Smartphones, Social Media and the Information Superhighway
Years before smartphones and social media dominated pop culture, two UC Santa Barbara professors seemingly divined the explosive future of the information superhighway and then acted on it in a monumental way.
They founded UCSB’s Center for Information Technology and Society (CITS) a decade and a half ago to explore an ever-changing and unwieldy topic: how information technologies are changing the world.
The two academics hailed from different fields: Bruce Bimber taught political science, Kevin Almeroth computer science. They still do. Their collaboration is particularly fitting given that an interdisciplinary approach is a hallmark of the research center.

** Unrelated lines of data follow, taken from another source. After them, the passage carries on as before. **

theorem lemma1:
  fixes \<mu> :: "'a measure" and pit :: "'a \<Rightarrow> real" and qbar :: "'a \<times> nat \<Rightarrow> real"
    and K N :: nat and Z :: real
  defines "Q \<equiv> density (\<mu> \<Otimes>\<^sub>M count_space {1..K}) (\<lambda>z. ennreal (qbar z))"
    and "P \<equiv> PiM {1..N} (\<lambda>_. density (\<mu> \<Otimes>\<^sub>M count_space {1..K}) (\<lambda>z. ennreal (qbar z)))"
  assumes pit_meas: "pit \<in> borel_measurable \<mu>"
    and pit_nonneg: "\<And>x. x \<in> space \<mu> \<Longrightarrow> pit x \<ge> 0"
    and pit_int: "integrable \<mu> pit"
    and Z_def: "Z = (\<integral>x. pit x \<partial>\<mu>)"
    and Z_pos: "Z > 0"
    and q_meas: "qbar \<in> borel_measurable (\<mu> \<Otimes>\<^sub>M count_space {1..K})"
    and q_nonneg: "\<And>x l. x \<in> space \<mu> \<Longrightarrow> l \<in> {1..K} \<Longrightarrow> qbar (x, l) \<ge> 0"
    and Q_prob: "prob_space Q"
    and alpha_pos: "\<And>i. i \<in> {1..K} \<Longrightarrow> alpha \<mu> qbar i > 0"
    and q_pos: "\<And>i x. i \<in> {1..K} \<Longrightarrow> x \<in> space \<mu> \<Longrightarrow> pit x > 0 \<Longrightarrow> qbar (x, i) > 0"
    and N_pos: "N \<ge> 1"
  shows "(\<forall>i \<in> {1..K}.
           (\<integral>\<omega>. Zhat N pit qbar \<omega> i \<partial>P) = Z
         \<and> evar P (\<lambda>\<omega>. Zhat N pit qbar \<omega> i / Z)
             = ennreal (1 / real N) *
               ((\<integral>\<^sup>+ x. ennreal ((pit x / Z) * ((pit x / Z) / qbar (x, i))) \<partial>\<mu>) - 1))
       \<and> (\<forall>i \<in> {1..K}. \<forall>j \<in> {1..K}. i \<noteq> j \<longrightarrow>
           cov P (\<lambda>\<omega>. Zhat N pit qbar \<omega> i / Z) (\<lambda>\<omega>. Zhat N pit qbar \<omega> j / Z) = - 1 / real N)"
proof -
  \<comment> \<open>alpha_pos is unused: the estimators involve qbar only, never the conditional
      densities qbar (., l) / alpha l.\<close>
  interpret iid_sample Q N
    using Q_prob N_pos by (simp add: iid_sample_def iid_sample_axioms_def)
  have P_eq: "P = PiM {1..N} (\<lambda>_. Q)"
    unfolding P_def Q_def ..
  let ?W = "\<lambda>i. label_weight (\<lambda>x. pit x / Z) qbar i"
  have pi_meas: "(\<lambda>x. pit x / Z) \<in> borel_measurable \<mu>" and pi_int: "integrable \<mu> (\<lambda>x. pit x / Z)"
    and pi_nonneg: "\<And>x. x \<in> space \<mu> \<Longrightarrow> 0 \<le> pit x / Z"
    and q_pos_pi: "\<And>i x. i \<in> {1..K} \<Longrightarrow> x \<in> space \<mu> \<Longrightarrow> 0 < pit x / Z \<Longrightarrow> 0 < qbar (x, i)"
    using pit_meas pit_int pit_nonneg q_pos Z_pos by (auto simp: zero_less_divide_iff)
  have W_nonneg: "\<And>i z. z \<in> space Q \<Longrightarrow> 0 \<le> ?W i z"
    unfolding Q_def using pi_nonneg q_nonneg by (auto intro: label_weight_nonneg)
  have W_int: "integrable Q (?W i)" and W_E: "expectation (?W i) = 1"
    and W_sq: "(\<integral>\<^sup>+z. ennreal (?W i z ^ 2) \<partial>Q)
        = (\<integral>\<^sup>+x. ennreal (pit x / Z * (pit x / Z / qbar (x, i))) \<partial>\<mu>)" if i: "i \<in> {1..K}" for i
    using integrable_label_weight[OF _ i pi_meas pi_nonneg pi_int q_meas q_nonneg q_pos_pi[OF i]]
      integral_label_weight[OF _ i pi_meas pi_nonneg pi_int q_meas q_nonneg q_pos_pi[OF i]]
      nn_integral_label_weight_power[OF _ i pi_meas q_meas pi_nonneg q_nonneg q_pos_pi[OF i], of 1]
      Z_pos by (simp_all add: Q_def Z_def numeral_2_eq_2)
  show ?thesis
  proof (intro conjI ballI impI)
    fix i assume i: "i \<in> {1..K}"
    have "(\<integral>\<omega>. Zhat N pit qbar \<omega> i / Z \<partial>P) = 1"
      unfolding Zhat_divide_eq_sample_mean P_eq integral_sample_mean[OF W_int[OF i]] W_E[OF i] ..
    then show "(\<integral>\<omega>. Zhat N pit qbar \<omega> i \<partial>P) = Z"
      using Z_pos by simp
    show "evar P (\<lambda>\<omega>. Zhat N pit qbar \<omega> i / Z)
        = ennreal (1 / real N) * ((\<integral>\<^sup>+x. ennreal (pit x / Z * (pit x / Z / qbar (x, i))) \<partial>\<mu>) - 1)"
      using evar_sample_mean[OF W_int[OF i] W_nonneg] W_sq[OF i] W_E[OF i]
      by (simp add: P_eq Zhat_divide_eq_sample_mean)
  next
    fix i j assume i: "i \<in> {1..K}" and j: "j \<in> {1..K}" and "i \<noteq> j"
    then have disjoint: "?W i z * ?W j z = 0" for z
      by (simp add: label_weight_def)
    have "cov Q (?W i) (?W j) = -1"
      using cov_eq_expectation_mult_minus[OF W_int[OF i] W_int[OF j]] W_E[OF i] W_E[OF j]
      by (simp add: disjoint)
    then show "cov P (\<lambda>\<omega>. Zhat N pit qbar \<omega> i / Z) (\<lambda>\<omega>. Zhat N pit qbar \<omega> j / Z) = - 1 / real N"
      using cov_sample_mean[OF W_int[OF i] W_int[OF j]] by (simp add: P_eq Zhat_divide_eq_sample_mean disjoint)
  qed
qed

end
(* Let $G$ be a connected simple graph on $n\ge2$ vertices $v_1,\dots,v_n$, let $\alpha$ be a real number, and suppose the vertices are labeled so that $({}^\alpha m)_1\ge({}^\alpha m)_2\ge\cdots\ge({}^\alpha m)_n$. Let $N=\max_{i\sim j} d_j^\alpha/d_i^\alpha$. Then for $1\le i\le n$, \[\rho(A(G))\le \frac{({}^\alpha m)_i-N+\sqrt{(({}^\alpha m)_i+N)^2+4N\sum_{k=1}^{i-1}\big(({}^\alpha m)_k-({}^\alpha m)_i\big)}}{2}.\] Equality holds if and only if $({}^\alpha m)_1=\cdots=({}^\alpha m)_n$, or there is $t$ with $2\le t\le i$ such that: if $\alpha=0$, $G$ is a bidegreed graph with $d_1=\cdots=d_{t-1}=n-1>d_t=\cdots=d_n$; if $\alpha>0$, $G$ is a bidegreed graph with $({}^\alpha m)_1>({}^\alpha m)_2=\cdots=({}^\alpha m)_n$ and $d_1=n-1>d_2=\cdots=d_n$. (For $\alpha<0$ only the first alternative occurs.)
   Context: $A(G)$ is the adjacency matrix of $G$; $i\sim j$ means $v_i,v_j$ are adjacent; $d_i$ is the degree of $v_i$. The generalized average degree of $v_i$ is $({}^\alpha m)_i=\frac{\sum_{j\sim i}d_j^\alpha}{d_i^\alpha}$. $\rho(\cdot)$ is the spectral radius (largest eigenvalue for symmetric nonnegative matrices). A bidegreed graph is one whose vertex degrees take exactly two distinct values. An empty sum equals $0$. *)

theory Defs
  imports Complex_Main
begin

text \<open>A simple graph on vertex set {0..<n} (vertex v_(k+1) of the paper is k here),
given by an edge relation E.\<close>

definition simple_graph :: "nat \<Rightarrow> (nat \<Rightarrow> nat \<Rightarrow> bool) \<Rightarrow> bool" where
  "simple_graph n E \<longleftrightarrow> (\<forall>i j. E i j \<longrightarrow> E j i) \<and> (\<forall>i. \<not> E i i)"

definition connected_graph :: "nat \<Rightarrow> (nat \<Rightarrow> nat \<Rightarrow> bool) \<Rightarrow> bool" where
  "connected_graph n E \<longleftrightarrow>
     (\<forall>u v. u < n \<longrightarrow> v < n \<longrightarrow> (\<lambda>a b. E a b \<and> a < n \<and> b < n)\<^sup>*\<^sup>* u v)"

definition nbrs :: "nat \<Rightarrow> (nat \<Rightarrow> nat \<Rightarrow> bool) \<Rightarrow> nat \<Rightarrow> nat set" where
  "nbrs n E i = {j. j < n \<and> E i j}"

definition deg :: "nat \<Rightarrow> (nat \<Rightarrow> nat \<Rightarrow> bool) \<Rightarrow> nat \<Rightarrow> nat" where
  "deg n E i = card (nbrs n E i)"

definition gavg :: "nat \<Rightarrow> (nat \<Rightarrow> nat \<Rightarrow> bool) \<Rightarrow> real \<Rightarrow> nat \<Rightarrow> real" where
  "gavg n E \<alpha> i = (\<Sum>j\<in>nbrs n E i. real (deg n E j) powr \<alpha>) / real (deg n E i) powr \<alpha>"

text \<open>Eigenvalues of the adjacency matrix A(G) (real, since A(G) is symmetric).\<close>
definition adj_eigenvalues :: "nat \<Rightarrow> (nat \<Rightarrow> nat \<Rightarrow> bool) \<Rightarrow> real set" where
  "adj_eigenvalues n E = {\<mu>. \<exists>x :: nat \<Rightarrow> real. (\<exists>i<n. x i \<noteq> 0) \<and>
       (\<forall>i<n. (\<Sum>j<n. (if E i j then 1 else 0) * x j) = \<mu> * x i)}"

text \<open>Spectral radius = largest eigenvalue of the symmetric nonnegative matrix A(G).\<close>
definition adj_spectral_radius :: "nat \<Rightarrow> (nat \<Rightarrow> nat \<Rightarrow> bool) \<Rightarrow> real" where
  "adj_spectral_radius n E = Max (adj_eigenvalues n E)"

definition bidegreed :: "nat \<Rightarrow> (nat \<Rightarrow> nat \<Rightarrow> bool) \<Rightarrow> bool" where
  "bidegreed n E \<longleftrightarrow> card (deg n E ` {0..<n}) = 2"

end

theory Submission
  imports Defs "Jordan_Normal_Form.Spectral_Radius"
begin

(* A weighted Collatz-Wielandt argument.  If x is a positive vector with (A x)_k <= B x_k at
   every vertex, then comparing an eigenvector y with x at a vertex maximising |y_k| / x_k gives
   |mu| <= B for every eigenvalue mu; if B is itself an eigenvalue, the comparison is tight at
   such a vertex and, by connectivity, at every vertex, and conversely equality everywhere makes
   x an eigenvector for B.

   The test vector is x_k = d_k^alpha u_k with u_k = 1 + (m_k - m_i) / (B + N) for k < i and
   u_k = 1 otherwise.  Since B is the larger root of (B - m_i)(B + N) = N sum_{k<i} (m_k - m_i),
   the slack B x_k - (A x)_k is exactly (m_i - m_k) d_k^alpha for k >= i plus the slacks of the
   estimates d_j^alpha <= N d_k^alpha over the vertices j < i.  Equality therefore says that
   m_k = m_i for k >= i and that every j < i with m_j > m_i is adjacent to all other vertices with
   d_j^alpha = N d_k^alpha; by the sign of alpha this is either impossible (alpha < 0), a set of
   dominating vertices (alpha = 0), or a single dominating vertex with all other degrees equal
   (alpha > 0). *)

lemma nbrs_subset: "nbrs n E k \<subseteq> {..<n}"
  unfolding nbrs_def by auto

lemma finite_nbrs: "finite (nbrs n E k)"
  by (rule finite_subset[OF nbrs_subset]) simp

lemma sum_nbrs: "(\<Sum>j\<in>nbrs n E k. f j) = (\<Sum>j<n. if E k j then f j else 0)"
proof -
  have "(\<Sum>j\<in>{j \<in> {..<n}. E k j}. f j) = (\<Sum>j<n. if E k j then f j else 0)"
    by (rule sum.inter_filter) simp
  moreover have "nbrs n E k = {j \<in> {..<n}. E k j}" unfolding nbrs_def by auto
  ultimately show ?thesis by simp
qed

lemma adj_sum_eq_nbrs_sum:
  fixes y :: "nat \<Rightarrow> real"
  shows "(\<Sum>j<n. (if E k j then 1 else 0) * y j) = (\<Sum>j\<in>nbrs n E k. y j)"
  unfolding sum_nbrs by (intro sum.cong) auto

lemma finite_adj_eigenvalues: "finite (adj_eigenvalues n E)"
proof -
  define A :: "real mat" where "A = mat n n (\<lambda>(i,j). if E i j then 1 else 0)"
  have A: "A \<in> carrier_mat n n" unfolding A_def by simp
  have "adj_eigenvalues n E \<subseteq> spectrum A"
  proof
    fix \<mu> assume "\<mu> \<in> adj_eigenvalues n E"
    then obtain x where x_nz: "\<exists>i<n. x i \<noteq> 0"
      and x_eig: "\<forall>i<n. (\<Sum>j<n. (if E i j then 1 else 0) * x j) = \<mu> * x i"
      by (auto simp: adj_eigenvalues_def)
    have "A *\<^sub>v vec n x = \<mu> \<cdot>\<^sub>v vec n x"
    proof (rule eq_vecI)
      fix i assume "i < dim_vec (\<mu> \<cdot>\<^sub>v vec n x)"
      then have i: "i < n" by simp
      have "(A *\<^sub>v vec n x) $ i = (\<Sum>j<n. (if E i j then 1 else 0) * x j)"
        using i unfolding A_def by (simp add: scalar_prod_def lessThan_atLeast0)
      then show "(A *\<^sub>v vec n x) $ i = (\<mu> \<cdot>\<^sub>v vec n x) $ i" using x_eig i by simp
    qed (simp add: A_def)
    moreover have "vec n x \<noteq> 0\<^sub>v n" using x_nz by (metis index_vec index_zero_vec(1))
    ultimately have "eigenvector A (vec n x) \<mu>" using A unfolding eigenvector_def by simp
    then show "\<mu> \<in> spectrum A" unfolding spectrum_def eigenvalue_def by auto
  qed
  then show ?thesis using card_finite_spectrum(1)[OF A] finite_subset by blast
qed

lemma adj_hermitian_form_real:
  fixes v :: "nat \<Rightarrow> complex"
  assumes sym: "\<And>i j. E i j \<Longrightarrow> E j i"
  shows "(\<Sum>i<n. cnj (v i) * (\<Sum>j<n. (if E i j then 1 else 0) * v j))
    = cnj (\<Sum>i<n. cnj (v i) * (\<Sum>j<n. (if E i j then 1 else 0) * v j))"
proof -
  define a :: "nat \<Rightarrow> nat \<Rightarrow> complex" where "a i j = (if E i j then 1 else 0)" for i j
  have a_sym: "a i j = a j i" for i j using sym unfolding a_def by auto
  have a_real: "cnj (a i j) = a i j" for i j unfolding a_def by simp
  have "(\<Sum>i<n. cnj (v i) * (\<Sum>j<n. a i j * v j)) = (\<Sum>i<n. \<Sum>j<n. a j i * cnj (v i) * v j)"
    by (simp add: sum_distrib_left a_sym mult_ac)
  also have "\<dots> = (\<Sum>j<n. \<Sum>i<n. a j i * cnj (v i) * v j)" by (rule sum.swap)
  also have "\<dots> = cnj (\<Sum>j<n. cnj (v j) * (\<Sum>i<n. a j i * v i))"
    by (simp add: sum_distrib_left a_real mult_ac)
  finally show ?thesis unfolding a_def .
qed

lemma adj_complex_eigenvalue_real:
  fixes v :: "nat \<Rightarrow> complex"
  assumes sym: "\<And>i j. E i j \<Longrightarrow> E j i"
    and eig: "\<And>i. i < n \<Longrightarrow> (\<Sum>j<n. (if E i j then 1 else 0) * v j) = l * v i"
    and nz: "\<exists>i<n. v i \<noteq> 0"
  shows "Im l = 0"
proof -
  define S where "S = (\<Sum>i<n. cnj (v i) * v i)"
  have "(\<Sum>i<n. cnj (v i) * (\<Sum>j<n. (if E i j then 1 else 0) * v j)) = (\<Sum>i<n. cnj (v i) * (l * v i))"
    by (intro sum.cong) (simp_all add: eig)
  also have "\<dots> = l * S" unfolding S_def by (simp add: sum_distrib_left mult_ac)
  finally have form: "(\<Sum>i<n. cnj (v i) * (\<Sum>j<n. (if E i j then 1 else 0) * v j)) = l * S" .
  have "l * S = cnj (l * S)"
    using adj_hermitian_form_real[where E = E and n = n and v = v, OF sym] unfolding form .
  moreover have "S = of_real (\<Sum>i<n. (cmod (v i))\<^sup>2)"
    unfolding S_def by (simp add: complex_norm_square[symmetric] mult.commute del: of_real_power)
  then have "cnj S = S" by simp
  ultimately have "l * S = cnj l * S" by (metis complex_cnj_mult)
  moreover obtain i where "i < n" "v i \<noteq> 0" using nz by blast
  then have "(\<Sum>i<n. (cmod (v i))\<^sup>2) > 0" by (intro sum_pos2[of _ i]) auto
  then have "S \<noteq> 0" using \<open>S = of_real (\<Sum>i<n. (cmod (v i))\<^sup>2)\<close> by (metis of_real_eq_0_iff less_irrefl)
  ultimately have "l = cnj l" by (metis mult_cancel_right)
  then have "Im l = - Im l" by (metis cnj.sel(2))
  then show ?thesis by linarith
qed

lemma adj_eigenvalue_of_complex_eigenvector:
  fixes v :: "nat \<Rightarrow> complex"
  assumes eig: "\<And>i. i < n \<Longrightarrow> (\<Sum>j<n. (if E i j then 1 else 0) * v j) = of_real r * v i"
    and "k < n" "v k \<noteq> 0"
  shows "r \<in> adj_eigenvalues n E"
proof -
  have re: "(\<Sum>j<n. (if E i j then 1 else 0) * Re (v j)) = r * Re (v i)"
    and im: "(\<Sum>j<n. (if E i j then 1 else 0) * Im (v j)) = r * Im (v i)"
    if "i < n" for i
  proof -
    have "Re (\<Sum>j<n. (if E i j then 1 else 0) * v j) = (\<Sum>j<n. (if E i j then 1 else 0) * Re (v j))"
      and "Im (\<Sum>j<n. (if E i j then 1 else 0) * v j) = (\<Sum>j<n. (if E i j then 1 else 0) * Im (v j))"
      by (auto intro!: sum.cong)
    then show "(\<Sum>j<n. (if E i j then 1 else 0) * Re (v j)) = r * Re (v i)"
      and "(\<Sum>j<n. (if E i j then 1 else 0) * Im (v j)) = r * Im (v i)"
      using eig[OF that] by simp_all
  qed
  show ?thesis
  proof (cases "Re (v k) = 0")
    case False
    then show ?thesis unfolding adj_eigenvalues_def
      using re \<open>k < n\<close> by (intro CollectI exI[of _ "\<lambda>j. Re (v j)"]) auto
  next
    case True
    then have "Im (v k) \<noteq> 0" using \<open>v k \<noteq> 0\<close> by (simp add: complex_eq_iff)
    then show ?thesis unfolding adj_eigenvalues_def
      using im \<open>k < n\<close> by (intro CollectI exI[of _ "\<lambda>j. Im (v j)"]) auto
  qed
qed
lemma Phi_graph_joining_neq_Phi_product:
  assumes "\<nexists>c. AE p in M \<Otimes>\<^sub>M M. d (fst p) (snd p) = c"
  shows "Phi d (rot g) 2 1 (graph_joining M h) \<noteq> Phi d (rot g) 2 1 (M \<Otimes>\<^sub>M M)"
proof
  let ?N = "PiM (idx 2 1) (\<lambda>_. borel :: real measure) \<Otimes>\<^sub>M PiM (idx 2 1) (\<lambda>_. borel :: real measure)"
  define e :: "(nat \<times> nat) \<times> (nat \<times> nat)" where "e = ((1, 0), (2, 0))"
  have e: "e \<in> idx 2 1"
    by (simp add: e_def idx_def)
  have Dmat_e: "Dmat d (rot g) 2 1 x e = d (x 1) (x 2)" for x
    using e by (simp add: Dmat_def e_def)
  have E: "{w \<in> space ?N. fst w e = snd w e} \<in> sets ?N"
    using e by measurable
  have diagonal: "(\<lambda>x. (Dmat d (rot g) 2 1 x, Dmat d (rot g) 2 1 x)) \<in> PiM {1..2} (\<lambda>_. M) \<rightarrow>\<^sub>M ?N"
    by (intro measurable_Pair measurable_Dmat measurable_component_singleton) auto
  assume eq: "Phi d (rot g) 2 1 (graph_joining M h) = Phi d (rot g) 2 1 (M \<Otimes>\<^sub>M M)"
  have "AE w in Phi d (rot g) 2 1 (graph_joining M h). fst w e = snd w e"
    unfolding Phi_graph_joining by (simp add: AE_distr_iff[OF diagonal E])
  then have "AE w in Phi d (rot g) 2 1 (M \<Otimes>\<^sub>M M). fst w e = snd w e"
    unfolding eq .
  then have "AE z in PiM {1..2::nat} (\<lambda>_. M \<Otimes>\<^sub>M M).
      Dmat d (rot g) 2 1 (\<lambda>i. fst (z i)) e = Dmat d (rot g) 2 1 (\<lambda>i. snd (z i)) e"
    unfolding Phi_def by (simp add: AE_distr_iff[OF measurable_Dmat_pair E])
  then have "AE z in PiM {1..2::nat} (\<lambda>_. M \<Otimes>\<^sub>M M). d (fst (z 1)) (fst (z 2)) = d (snd (z 1)) (snd (z 2))"
    by (simp only: Dmat_e)
  with not_AE_dist_eq_on_independent_pairs assms show False
    by blast
qed

end

lemma invariant_haar_spaceI:
  fixes M :: "'a::{ab_group_add,t2_space} measure"
  assumes "compact_ab_topgroup TYPE('a)" and "haar_probability M" and "translation_invariant d"
    and "(\<lambda>p. d (fst p) (snd p)) \<in> borel_measurable (M \<Otimes>\<^sub>M M)"
  shows "invariant_haar_space M d"
proof -
  have sets_M: "sets M = sets borel" and "prob_space M" and "\<And>t. distr M M (\<lambda>x. x + t) = M"
    using assms(2) by (auto simp: haar_probability_def)
  moreover have "(\<lambda>x. x + t) \<in> M \<rightarrow>\<^sub>M M" for t
  proof -
    have "continuous_on UNIV (\<lambda>p::'a \<times> 'a. fst p + snd p)"
      using assms(1) by (simp add: compact_ab_topgroup_def)
    then have "continuous_on UNIV (\<lambda>x::'a. fst (x, t) + snd (x, t))"
      by (rule continuous_on_compose2) (auto intro: continuous_intros)
    then have "continuous_on UNIV (\<lambda>x::'a. x + t)"
      by simp
    then show ?thesis
      using borel_measurable_continuous_onI measurable_cong_sets[OF sets_M sets_M] by blast
  qed
  ultimately show ?thesis
    using assms(3,4) by (simp add: invariant_haar_space_def invariant_haar_space_axioms_def)
qed

theorem proposition21:
  fixes M :: "'a::{ab_group_add,t2_space} measure"
    and d :: "'a \<Rightarrow> 'a \<Rightarrow> real"
    and g :: 'a
  assumes "compact_ab_topgroup TYPE('a)"
    and "haar_probability M"
    and "is_metric d" and "translation_invariant d"
    and "(\<lambda>p. d (fst p) (snd p)) \<in> borel_measurable (M \<Otimes>\<^sub>M M)"
    and "ergodic_map M (rot g)"
  shows "(\<forall>h h'. coord_isomorphic M d (rot g) (graph_joining M h) (graph_joining M h'))
    \<and> (\<forall>h h' n m. n \<ge> 1 \<longrightarrow> m \<ge> 1 \<longrightarrow>
          Phi d (rot g) n m (graph_joining M h) = Phi d (rot g) n m (graph_joining M h'))
    \<and> ((\<not> (\<exists>c. AE p in M \<Otimes>\<^sub>M M. d (fst p) (snd p) = c)) \<longrightarrow>
          (\<forall>h. Phi d (rot g) 2 1 (graph_joining M h) \<noteq> Phi d (rot g) 2 1 (M \<Otimes>\<^sub>M M)))"
proof -
  interpret invariant_haar_space M d
    using assms(1,2,4,5) by (rule invariant_haar_spaceI)
  show ?thesis
    using coord_isomorphic_graph_joinings Phi_graph_joining_neq_Phi_product
    by (simp add: Phi_graph_joining)
qed

end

Both founding scholars also remain affiliated with the center, which is celebrating its 15th year.
“They were really ahead of the curve, astute forward thinkers who could see how these emerging technologies were going to have huge repercussions for the way our society is organized,” said Lisa Parks, professor of film and media studies and the center’s current director.
“We bring people together to think about how information technologies — computers, mobile phones, satellites, social media and even the Google Glass — are impacting the way we live, work, solve problems and govern ourselves,” she said.
Research at CITS is currently driven by 44 faculty members from more than a dozen departments across campus that include the expected (computer science, communication, electrical engineering) and the potentially surprising (art, English, sociology).
“One of our sources of pride is how genuinely multidisciplinary we are,” said Parks. “We’ll have a geographer working with an artist and a psychologist at the same time. They are pieces of a puzzle that fit together to investigate big research questions related to technology and society.”
For a project examining Internet freedom across three countries — Zambia, Turkey and Mongolia — scholars from the computer science, communications and film and media studies departments have teamed up.
Funded by a grant from the U.S. State Department, they are studying whether people in those countries can talk freely online and use social media without reprisal. Researchers plan to share their findings with organizations that fight repression around the world.
Another project is attempting to bring affordable Internet access to rural communities in Southern Africa “in a way that is sustainable and scaled to local capacities,” said Parks, who is leading the effort with Elizabeth Belding, a UCSB professor of computer science and the center’s associate director.
“People there make less than a dollar a day and don’t have access to electricity,” Parks explained. “Many have mobile phones and can receive incoming calls but can’t afford talk time. We’ve been partnering with that community in an effort to improve their connectivity.”
Parks has traveled to Zambia with graduate students several times to do field work to evaluate the community’s needs and interests. They shared their information with computer scientists charged with developing the network. One tangible result of the 3-year-old endeavor: Belding’s team has developed a free experimental local mobile phone network called VillageCell that has been piloted within the community of Macha, Zambia. The project is funded by a $1.2 million grant from the National Science Foundation.
Through public lectures and programs — more than two-dozen in the past two years — the center shares its research with the campus and wider community. Topics have included the relationship among the mind, brain and virtual reality; the history of air war and drones; and the digital divide, the gulf between those who have easy access to computers and those who do not.
The center also supports an optional Ph.D. emphasis in technology and society that is available to students enrolled in participating academic departments in engineering, social sciences and the humanities. “We’ve placed several of our graduates in really good positions at prestigious research institutions,” Parks said.
When asked how often the center’s projects effect real change in the world, Parks paused before answering. “Every single day,” she said, “in the sense that we are all teaching in the classroom, encouraging new generations of students to think about how our technologies shape our world.”